Instructions for the task: Would you reproduce all of the entries below, character for character?

+---+

lemma fourier_system_rates:
  assumes "fourier_system \<gamma> \<beta> \<mu> nh uh Eh Bh" "0 \<le> t"
  shows "((\<lambda>s. nh s k) has_vector_derivative density_rate \<gamma> k (uh t k)) (at t within {0..})"
    and "((\<lambda>s. uh s k) has_vector_derivative velocity_rate \<gamma> \<beta> \<mu> k (nh t k) (uh t k) (Eh t k))
      (at t within {0..})"
    and "((\<lambda>s. Eh s k) has_vector_derivative electric_rate \<beta> k (uh t k) (Bh t k)) (at t within {0..})"
    and "((\<lambda>s. Bh s k) has_vector_derivative magnetic_rate k (Eh t k)) (at t within {0..})"
    and "\<i> * kdot k (Eh t k) = - complex_of_real (\<beta> / \<gamma>) * nh t k"
    and "kdot k (Bh t k) = 0"
  using assms unfolding fourier_system_def density_rate_def velocity_rate_def electric_rate_def
    magnetic_rate_def by blast+

lemma basic_energy_rate:
  "inner n (density_rate \<gamma> k u) + inner u (velocity_rate \<gamma> \<beta> \<mu> k n u E)
     + inner E (electric_rate \<beta> k u B) + inner B (magnetic_rate k E) = - \<mu> * (norm k)\<^sup>2 * (norm u)\<^sup>2"
  unfolding density_rate_def velocity_rate_def electric_rate_def magnetic_rate_def power2_norm_eq_inner
  by (simp add: symbol_component_simps algebra_simps)

lemma density_velocity_rate:
  "inner (grad_symbol k (density_rate \<gamma> k u)) u + inner (grad_symbol k n) (velocity_rate \<gamma> \<beta> \<mu> k n u E)
   = \<gamma> * (cmod (kdot k u))\<^sup>2 - \<gamma> * (norm k)\<^sup>2 * (cmod n)\<^sup>2 - \<mu> * (norm k)\<^sup>2 * inner (grad_symbol k n) u
     - \<beta> * inner (grad_symbol k n) E"
  unfolding density_rate_def velocity_rate_def power2_norm_eq_inner
  by (simp add: symbol_component_simps algebra_simps)

lemma velocity_electric_rate:
  "inner (velocity_rate \<gamma> \<beta> \<mu> k n u E) E + inner u (electric_rate \<beta> k u B)
   = \<beta> * (norm u)\<^sup>2 - \<beta> * (norm E)\<^sup>2 - \<gamma> * inner (grad_symbol k n) E - \<mu> * (norm k)\<^sup>2 * inner u E
     + inner u (curl_symbol k B)"
  unfolding velocity_rate_def electric_rate_def power2_norm_eq_inner
  by (simp add: symbol_component_simps algebra_simps)

lemma electric_curl_rate:
  "inner (electric_rate \<beta> k u B) (curl_symbol k B) + inner E (curl_symbol k (magnetic_rate k E))
   = (norm (kcross k B))\<^sup>2 + \<beta> * inner u (curl_symbol k B) + (cmod (kdot k E))\<^sup>2 - (norm k)\<^sup>2 * (norm E)\<^sup>2"
  unfolding electric_rate_def magnetic_rate_def power2_norm_eq_inner
  by (simp add: symbol_component_simps algebra_simps)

+---+

Exercise answer:
lemma fourier_system_rates:
  assumes "fourier_system \<gamma> \<beta> \<mu> nh uh Eh Bh" "0 \<le> t"
  shows "((\<lambda>s. nh s k) has_vector_derivative density_rate \<gamma> k (uh t k)) (at t within {0..})"
    and "((\<lambda>s. uh s k) has_vector_derivative velocity_rate \<gamma> \<beta> \<mu> k (nh t k) (uh t k) (Eh t k))
      (at t within {0..})"
    and "((\<lambda>s. Eh s k) has_vector_derivative electric_rate \<beta> k (uh t k) (Bh t k)) (at t within {0..})"
    and "((\<lambda>s. Bh s k) has_vector_derivative magnetic_rate k (Eh t k)) (at t within {0..})"
    and "\<i> * kdot k (Eh t k) = - complex_of_real (\<beta> / \<gamma>) * nh t k"
    and "kdot k (Bh t k) = 0"
  using assms unfolding fourier_system_def density_rate_def velocity_rate_def electric_rate_def
    magnetic_rate_def by blast+

lemma basic_energy_rate:
  "inner n (density_rate \<gamma> k u) + inner u (velocity_rate \<gamma> \<beta> \<mu> k n u E)
     + inner E (electric_rate \<beta> k u B) + inner B (magnetic_rate k E) = - \<mu> * (norm k)\<^sup>2 * (norm u)\<^sup>2"
  unfolding density_rate_def velocity_rate_def electric_rate_def magnetic_rate_def power2_norm_eq_inner
  by (simp add: symbol_component_simps algebra_simps)

lemma density_velocity_rate:
  "inner (grad_symbol k (density_rate \<gamma> k u)) u + inner (grad_symbol k n) (velocity_rate \<gamma> \<beta> \<mu> k n u E)
   = \<gamma> * (cmod (kdot k u))\<^sup>2 - \<gamma> * (norm k)\<^sup>2 * (cmod n)\<^sup>2 - \<mu> * (norm k)\<^sup>2 * inner (grad_symbol k n) u
     - \<beta> * inner (grad_symbol k n) E"
  unfolding density_rate_def velocity_rate_def power2_norm_eq_inner
  by (simp add: symbol_component_simps algebra_simps)

lemma velocity_electric_rate:
  "inner (velocity_rate \<gamma> \<beta> \<mu> k n u E) E + inner u (electric_rate \<beta> k u B)
   = \<beta> * (norm u)\<^sup>2 - \<beta> * (norm E)\<^sup>2 - \<gamma> * inner (grad_symbol k n) E - \<mu> * (norm k)\<^sup>2 * inner u E
     + inner u (curl_symbol k B)"
  unfolding velocity_rate_def electric_rate_def power2_norm_eq_inner
  by (simp add: symbol_component_simps algebra_simps)

lemma electric_curl_rate:
  "inner (electric_rate \<beta> k u B) (curl_symbol k B) + inner E (curl_symbol k (magnetic_rate k E))
   = (norm (kcross k B))\<^sup>2 + \<beta> * inner u (curl_symbol k B) + (cmod (kdot k E))\<^sup>2 - (norm k)\<^sup>2 * (norm E)\<^sup>2"
  unfolding electric_rate_def magnetic_rate_def power2_norm_eq_inner
  by (simp add: symbol_component_simps algebra_simps)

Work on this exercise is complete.